NORTHEAST WOODLAND INDIANS

      Ask the next person you meet to draw a picture of a Native American. Chances are the completed drawing will show a person living in a tipi, riding a horse and wearing an eagle-feather warbonnet. That may be a roughly accurate picture of a Plains Indian, but the Plains Indians occupied the area between the Mississippi River and the Rocky Mountains. The tribes and confederacies of the Northeast, collectively called the Northeast Woodland Indians, aren't as well-known. In part this is because they weren't glamorized in Hollywood Westerns the way Plains Indians were. Nor were the Northeast tribes studied and their craftwork collected as happened among the Plains Indians in the 1800s. The Northeast tribes began to disappear rapidly once fishermen, trappers, traders and settlers began to arrive from Europe.
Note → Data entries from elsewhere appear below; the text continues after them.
(* Let $d\in\mathbb{N}$ and let $\mathcal{P}$ be a partition of $\mathbb{R}^{d}$. Suppose there exists $D\in(0,\infty)$ such that every $X\in\mathcal{P}$ satisfies $\operatorname{diam}(X)<D$. Then for any function $\epsilon:\mathbb{R}^{d}\to(0,\infty)$ there exists $\vec{p}\in\mathbb{R}^{d}$ such that $|\mathcal{N}_{\epsilon(\vec{p})}(\vec{p})|\geq d+1$.
   Context: On $\mathbb{R}^d$ use $d_{max}(\vec{x},\vec{y})=\max_i|x_i-y_i|$; $\operatorname{diam}(X)=\sup\{d_{max}(\vec{x},\vec{y}):\vec{x},\vec{y}\in X\}$; $\overline{B}_{r}(\vec{p})=\{\vec{x}: d_{max}(\vec{x},\vec{p})\le r\}$. For a partition $\mathcal{P}$ and $r>0$, $\mathcal{N}_{r}(\vec{p})=\{X\in\mathcal{P}: X\cap\overline{B}_{r}(\vec{p})\neq\emptyset\}$. *)

theory Defs
  imports "HOL-Analysis.Analysis"
begin

definition dmax :: "real^'n \<Rightarrow> real^'n \<Rightarrow> real" where
  "dmax x y = Max (range (\<lambda>i. \<bar>x $ i - y $ i\<bar>))"

text \<open>Diameter w.r.t. dmax, valued in the extended reals (so unbounded sets have diameter infinity).\<close>
definition diam_max :: "(real^'n) set \<Rightarrow> ereal" where
  "diam_max X = (SUP xy \<in> X \<times> X. ereal (dmax (fst xy) (snd xy)))"

definition cball_max :: "real^'n \<Rightarrow> real \<Rightarrow> (real^'n) set" where
  "cball_max p r = {x. dmax x p \<le> r}"

definition is_partition :: "'a set set \<Rightarrow> 'a set \<Rightarrow> bool" where
  "is_partition P S \<longleftrightarrow> (\<forall>X\<in>P. X \<noteq> {}) \<and>
     (\<forall>X\<in>P. \<forall>Y\<in>P. X \<noteq> Y \<longrightarrow> X \<inter> Y = {}) \<and> \<Union>P = S"

definition nbhd_sets :: "(real^'n) set set \<Rightarrow> real \<Rightarrow> real^'n \<Rightarrow> (real^'n) set set" where
  "nbhd_sets P r p = {X \<in> P. X \<inter> cball_max p r \<noteq> {}}"

end

theory Submission
  imports Defs
begin

text \<open>
  Lay a grid of mesh \<open>D / p\<close> over the cube \<open>[0, D]\<^sup>d\<close> and label a grid point by the block
  containing it, coordinate \<open>i\<close> of the label recording whether that block reaches the half-space
  \<open>x\<^sub>i \<le> 0\<close>. Since blocks have diameter \<open>< D\<close>, this labelling satisfies the boundary conditions
  of Kuhn's combinatorial (Sperner) lemma, which yields a grid cell carrying \<open>d + 1\<close> distinct
  labels, i.e. meeting \<open>d + 1\<close> distinct blocks. Letting the mesh tend to zero, compactness of the
  cube gives a point all of whose neighbourhoods, in particular the one of radius \<open>\<epsilon>(p)\<close>, meet
  \<open>d + 1\<close> blocks.
\<close>

lemma kuhn_simplex_distinct_labels:
  fixes lab :: "(nat \<Rightarrow> nat) \<Rightarrow> nat \<Rightarrow> nat"
  assumes "0 < p"
    and "\<forall>x j. (\<forall>j. x j \<le> p) \<and> j < n \<and> x j = 0 \<longrightarrow> lab x j = 0"
    and "\<forall>x j. (\<forall>j. x j \<le> p) \<and> j < n \<and> x j = p \<longrightarrow> lab x j = 1"
  shows "\<exists>b S. (\<forall>j<n. b j < p) \<and> finite S \<and> card S = Suc n \<and> inj_on lab S \<and>
     (\<forall>x\<in>S. \<forall>j<n. b j \<le> x j \<and> x j \<le> b j + 1)"
proof -
  have "odd (card {s. ksimplex p n s \<and> (reduced n \<circ> lab) ` s = {..n}})"
    using kuhn_combinatorial[OF assms] .
  then have "{s. ksimplex p n s \<and> (reduced n \<circ> lab) ` s = {..n}} \<noteq> {}"
    by (metis card.empty odd_pos gr_implies_not0)
  then obtain s where ks: "ksimplex p n s" and labels: "(reduced n \<circ> lab) ` s = {..n}"
    by auto
  then obtain b u where "kuhn_simplex p n b u s"
    by (auto elim: ksimplex.cases)
  then interpret kuhn_simplex p n b u s .
  have card_s: "card s = Suc n"
    using ksimplex_card[OF ks] .
  then have "finite s"
    using card.infinite by fastforce
  then have "inj_on (reduced n \<circ> lab) s"
    by (rule eq_card_imp_inj_on) (simp only: labels card_s card_atMost)
  then have "inj_on lab s"
    by (rule inj_on_imageI2)
  moreover have "\<forall>x\<in>s. \<forall>j<n. b j \<le> x j \<and> x j \<le> b j + 1"
    unfolding s_eq enum_def by auto
  moreover have "\<forall>j<n. b j < p"
    using base by auto
  ultimately show ?thesis
    using \<open>finite s\<close> card_s by blast
qed

lemma kuhn_simplex_distinct_labels_finite:
  fixes lab :: "('i::finite \<Rightarrow> nat) \<Rightarrow> 'i \<Rightarrow> nat"
  assumes "0 < p"
    and lab0: "\<And>x i. \<forall>j. x j \<le> p \<Longrightarrow> x i = 0 \<Longrightarrow> lab x i = 0"
    and lab1: "\<And>x i. \<forall>j. x j \<le> p \<Longrightarrow> x i = p \<Longrightarrow> lab x i = 1"
  shows "\<exists>b S. (\<forall>i. b i < p) \<and> finite S \<and> card S = CARD('i) + 1 \<and> inj_on lab S \<and>
     (\<forall>x\<in>S. \<forall>i. b i \<le> x i \<and> x i \<le> b i + 1)"
proof -
  define n where "n = CARD('i)"
  obtain e where e: "bij_betw e {0..<n} (UNIV :: 'i set)"
    using ex_bij_betw_nat_finite[of "UNIV :: 'i set"] by (auto simp: n_def)
  define idx where "idx = inv_into {0..<n} e"
  have idx: "idx i < n" for i
    using e unfolding idx_def
    by (metis atLeastLessThan_iff bij_betw_def inv_into_into UNIV_I)
  have idx_e: "idx (e j) = j" if "j < n" for j
    using e that unfolding idx_def by (simp add: bij_betw_inv_into_left)
  define T where "T y = (\<lambda>i. y (idx i))" for y :: "nat \<Rightarrow> nat"
  define lab' where "lab' y j = lab (T y) (e j)" for y j
  have T_idx: "T y (e j) = y j" if "j < n" for y j
    using idx_e[OF that] by (simp add: T_def)
  have T_le: "\<forall>i. T y i \<le> p" if "\<forall>j. y j \<le> p" for y
    using that by (simp add: T_def)
  have "\<forall>y j. (\<forall>j. y j \<le> p) \<and> j < n \<and> y j = 0 \<longrightarrow> lab' y j = 0"
    using lab0 T_idx T_le unfolding lab'_def by metis
  moreover have "\<forall>y j. (\<forall>j. y j \<le> p) \<and> j < n \<and> y j = p \<longrightarrow> lab' y j = 1"
    using lab1 T_idx T_le unfolding lab'_def by metis
  ultimately have "\<exists>b S. (\<forall>j<n. b j < p) \<and> finite S \<and> card S = Suc n \<and> inj_on lab' S \<and>
      (\<forall>y\<in>S. \<forall>j<n. b j \<le> y j \<and> y j \<le> b j + 1)"
    by (rule kuhn_simplex_distinct_labels[OF \<open>0 < p\<close>])
  then obtain b S where b: "\<forall>j<n. b j < p" and S: "finite S" "card S = Suc n"
      "inj_on lab' S" and cell: "\<forall>y\<in>S. \<forall>j<n. b j \<le> y j \<and> y j \<le> b j + 1"
    by blast
  have inj: "inj_on (lab \<circ> T) S"
  proof (rule inj_onI)
    fix y y' assume "y \<in> S" "y' \<in> S" "(lab \<circ> T) y = (lab \<circ> T) y'"
    then have "lab' y = lab' y'"
      by (simp add: lab'_def fun_eq_iff)
    then show "y = y'"
      using inj_onD[OF S(3)] \<open>y \<in> S\<close> \<open>y' \<in> S\<close> by blast
  qed
  have "inj_on lab (T ` S)"
    using inj by (rule inj_on_imageI)
  moreover have "card (T ` S) = card S"
    using inj_on_imageI2[OF inj] by (rule card_image)
  moreover have "\<forall>i. T b i < p" "\<forall>x\<in>T ` S. \<forall>i. T b i \<le> x i \<and> x i \<le> T b i + 1"
    using b cell idx(1) unfolding T_def by auto
  ultimately show ?thesis
    using S n_def by (intro exI[of _ "T b"] exI[of _ "T ` S"]) simp
qed

lemma abs_component_diff_le_dmax: "\<bar>x $ i - y $ i\<bar> \<le> dmax x y"
  unfolding dmax_def by (rule Max_ge) auto

lemma dmax_le_iff: "dmax x y \<le> r \<longleftrightarrow> (\<forall>i. \<bar>x $ i - y $ i\<bar> \<le> r)"
  unfolding dmax_def by (subst Max_le_iff) auto

lemma dmax_le_dist: "dmax x y \<le> dist x y"
  unfolding dmax_le_iff using dist_vec_nth_le[of x _ y] by (simp add: dist_real_def)

lemma dmax_triangle: "dmax x z \<le> dmax x y + dmax y z"
  unfolding dmax_le_iff
proof
  fix i
  have "\<bar>x $ i - z $ i\<bar> \<le> \<bar>x $ i - y $ i\<bar> + \<bar>y $ i - z $ i\<bar>"
    by arith
  also have "\<dots> \<le> dmax x y + dmax y z"
    using abs_component_diff_le_dmax abs_component_diff_le_dmax by (rule add_mono)
  finally show "\<bar>x $ i - z $ i\<bar> \<le> dmax x y + dmax y z" .
qed

lemma dmax_less_if_diam_max_less:
  assumes "diam_max X < ereal D" "x \<in> X" "y \<in> X"
  shows "dmax x y < D"
proof -
  have "ereal (dmax x y) \<le> diam_max X"
    unfolding diam_max_def using assms(2,3) by (intro SUP_upper2[of "(x, y)"]) auto
  with assms(1) have "ereal (dmax x y) < ereal D"
    by (rule le_less_trans[rotated])
  then show ?thesis
    by simp
qed

lemma grid_cell_meets_distinct_fibres:
  fixes blk :: "real^'n \<Rightarrow> 'a" and p :: nat
  assumes "0 < p"
    and fibres: "\<And>x y. blk x = blk y \<Longrightarrow> dmax x y < D"
  shows "\<exists>c\<in>cbox 0 (\<chi> i. D). \<exists>S. finite S \<and> card S = CARD('n) + 1 \<and> inj_on blk S \<and>
     (\<forall>x\<in>S. dmax x c \<le> D / p)"
proof -
  have "0 < D"
    using fibres[of 0 0] abs_component_diff_le_dmax[of "0 :: real^'n" undefined 0] by simp
  define h where "h = D / p"
  have "0 < h" "h * p = D"
    using \<open>0 < D\<close> \<open>0 < p\<close> by (auto simp: h_def)
  define g where "g x = (\<chi> i. h * real (x i))" for x :: "'n \<Rightarrow> nat"
  define lab where "lab = (\<lambda>x i. if \<exists>y. blk y = blk (g x) \<and> y $ i \<le> 0 then 0 else 1 :: nat)"
  have "lab x i = 0" if "x i = 0" for x i
    using that unfolding lab_def g_def by auto
  moreover have "lab x i = 1" if "x i = p" for x i
  proof -
    \<comment> \<open>no block reaches from the face \<open>x\<^sub>i = D\<close> to the half-space \<open>x\<^sub>i \<le> 0\<close>\<close>
    have "y $ i > 0" if "blk y = blk (g x)" for y
      using fibres[OF that] abs_component_diff_le_dmax[of y i "g x"] \<open>x i = p\<close> \<open>h * p = D\<close>
      by (simp add: g_def)
    then show ?thesis
      unfolding lab_def by force
  qed
  ultimately have "\<exists>b S. (\<forall>i. b i < p) \<and> finite S \<and> card S = CARD('n) + 1 \<and> inj_on lab S \<and>
      (\<forall>x\<in>S. \<forall>i. b i \<le> x i \<and> x i \<le> b i + 1)"
    by (rule kuhn_simplex_distinct_labels_finite[OF \<open>0 < p\<close>])
  then obtain b S where b: "\<forall>i. b i < p" and S: "finite S" "card S = CARD('n) + 1"
      "inj_on lab S" and cell: "\<forall>x\<in>S. \<forall>i. b i \<le> x i \<and> x i \<le> b i + 1"
    by blast
  have inj: "inj_on (blk \<circ> g) S"
  proof (rule inj_onI)
    fix x x' assume "x \<in> S" "x' \<in> S" "(blk \<circ> g) x = (blk \<circ> g) x'"
    then have "lab x = lab x'"
      by (simp add: lab_def)
    then show "x = x'"
      using inj_onD[OF S(3)] \<open>x \<in> S\<close> \<open>x' \<in> S\<close> by blast
  qed
  have "inj_on blk (g ` S)"
    using inj by (rule inj_on_imageI)
  moreover have "card (g ` S) = card S"
    using inj_on_imageI2[OF inj] by (rule card_image)
  moreover have "g b \<in> cbox 0 (\<chi> i. D)"
    using b \<open>0 < h\<close> \<open>h * p = D\<close> by (auto simp: g_def mem_box_cart less_imp_le)
  moreover have "dmax (g x) (g b) \<le> D / p" if "x \<in> S" for x
  proof -
    have "\<bar>real (x i) - real (b i)\<bar> \<le> 1" for i
    proof -
      have "b i \<le> x i \<and> x i \<le> b i + 1"
        using cell that by blast
      then show ?thesis
        by linarith
    qed
    then have "\<bar>h * real (x i) - h * real (b i)\<bar> \<le> h" for i
      using \<open>0 < h\<close> mult_left_le[of _ h]
      by (simp add: abs_mult flip: right_diff_distrib)
    then show ?thesis
      by (simp add: dmax_le_iff g_def h_def)
  qed
  ultimately show ?thesis
    using S by (intro bexI[of _ "g b"] exI[of _ "g ` S"]) auto
qed

lemma compact_cluster_of_witnesses:
  fixes K :: "'a::metric_space set"
  assumes "compact K"
    and witness: "\<And>\<delta>. \<delta> > 0 \<Longrightarrow> \<exists>c\<in>K. A c \<delta>"
    and mono: "\<And>c \<delta> \<delta>'. A c \<delta> \<Longrightarrow> \<delta> \<le> \<delta>' \<Longrightarrow> A c \<delta>'"
  shows "\<exists>z. \<forall>r>0. \<exists>c. dist c z < r \<and> A c r"
proof -
  have "\<forall>k. \<exists>c. c \<in> K \<and> A c (inverse (real (Suc k)))"
    using witness[of "inverse (real (Suc _))"] by auto
  then obtain c where c: "\<And>k. c k \<in> K \<and> A (c k) (inverse (real (Suc k)))"
    by metis
  then obtain z h where "strict_mono h" "(c \<circ> h) \<longlonglongrightarrow> z"
    using compact_imp_seq_compact[OF \<open>compact K\<close>] by (metis seq_compactE)
  have "\<exists>c. dist c z < r \<and> A c r" if "r > 0" for r
  proof -
    have "\<forall>\<^sub>F m in sequentially. dist ((c \<circ> h) m) z < r"
      using \<open>(c \<circ> h) \<longlonglongrightarrow> z\<close> \<open>r > 0\<close> by (rule tendstoD)
    moreover have "\<forall>\<^sub>F m in sequentially. inverse (real (Suc (h m))) < r"
      using LIMSEQ_subseq_LIMSEQ[OF LIMSEQ_inverse_real_of_nat \<open>strict_mono h\<close>] \<open>r > 0\<close>
      by (auto dest: order_tendstoD(2))
    ultimately have "\<forall>\<^sub>F m in sequentially. dist ((c \<circ> h) m) z < r \<and> inverse (real (Suc (h m))) < r"
      by (rule eventually_conj)
    then obtain m where "dist (c (h m)) z < r" "inverse (real (Suc (h m))) < r"
      by (auto dest: eventually_happens'[OF sequentially_bot])
    then show ?thesis
      using c mono less_imp_le by blast
  qed
  then show ?thesis
    by blast
qed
They were the victims of disease, war, habitat destruction and, to a much lesser degree, enslavement, and many details about these original Americans are now irretrievably lost. Still we can reconstruct something of who the Northeast Woodland people were and how they lived before Europeans arrived. And in a very real sense they are still here to tell us. Several thousand Native people representing many tribes live in the Northeast, many of them on their ancestral lands. Native Americans are proud of their ancient heritage, and now there are teaching museums designed and run by Native people that showcase Woodland culture.

      Early Northeast people were forest dwellers, inhabitants of the vast wooded area stretching from Lake Superior to the Atlantic Ocean. This region was home to many different groups speaking many different languages and dialects, among them the tribes that made up the great Iroquois confederacy (Mohawk, Oneida, Onondaga, Cayuga, Seneca and, later, Tuscarora), as well as Algonquian peoples such as the Abenaki, Massachusett, Wampanoag, Narragansett, Pequot and Montauk. Despite the diversity of language, the different groups shared many cultural traits, based upon their adaptation to life in the forest. They might be said to have a "wood culture," using wood and wood products as the basic raw material for many of their needs. Populations tended to be concentrated near water - along the coast as well as by the sides of lakes and rivers. Here were all the elements the Indians needed for survival: trees near at hand; mammals from rabbits to deer, moose and bear to hunt; birds and fish to catch; wild plants for medicine as well as food; and fertile cropland for farming. The three principal crops were corn, beans and squash, but gourds, Jerusalem artichokes, melons, pumpkins, sunflowers and tobacco were also grown. Usually women did the cultivating after the men had cleared the land, and it was probably women who carried out the long succession of experiments that resulted in domestic crops.

      Northeast tribes had domesticated dogs, but probably no other domestic animals. No North American tribe had horses until Europeans brought them here. The Northeastern people never made much use of this new form of transportation, preferring their dugouts and birchbark canoes. These canoes were an elegant and versatile Woodland invention, light enough to be carried easily overland. When overturned they provided shelter during a long journey. Trade items were exchanged throughout the Northeast and beyond, carried in sturdy birchbark canoes.

      Dwellings were of two types: the wigwam (or wetu), used by the tribes of the Great Lakes and East Coast; and the longhouse, used by the Iroquois. The wigwam was a dome-shaped sapling frame overlaid with slabs of elm bark or woven mats of cattails or reeds. The longhouse used the same materials, but was much larger, and could house ten families or more. Fires were built in the middle of the longhouse and shared by two families, one on each side. Cooking methods included boiling and roasting, and most meals incorporated a soup or stew prepared in a clay or bark container.

      Northeast people relied primarily upon buckskin from the white-tailed deer for their clothing (just as Plains Indians relied chiefly upon buffalo hide). The basic item of dress for men was a skin loincloth; for women it was a skirt. Both sexes wore heelless moccasins, and added a bearskin robe, fur side in , during the cold weather. Clothing, especially when it was for ceremonial use, was heavily decorated with dyed porcupine quills, moosehair embroidery and shell beads. Northeast Indians never wore the dramatic golden eagle-feather headdress made by some Plains tribes, although Iroquois men wore the gustoweh, a decorative cap of skin topped with a single eagle feather. Northeast people painted their faces and bodies with pigments from plants and minerals mixed with animal fat. Their fondness for using red led Europeans to call them "redskins."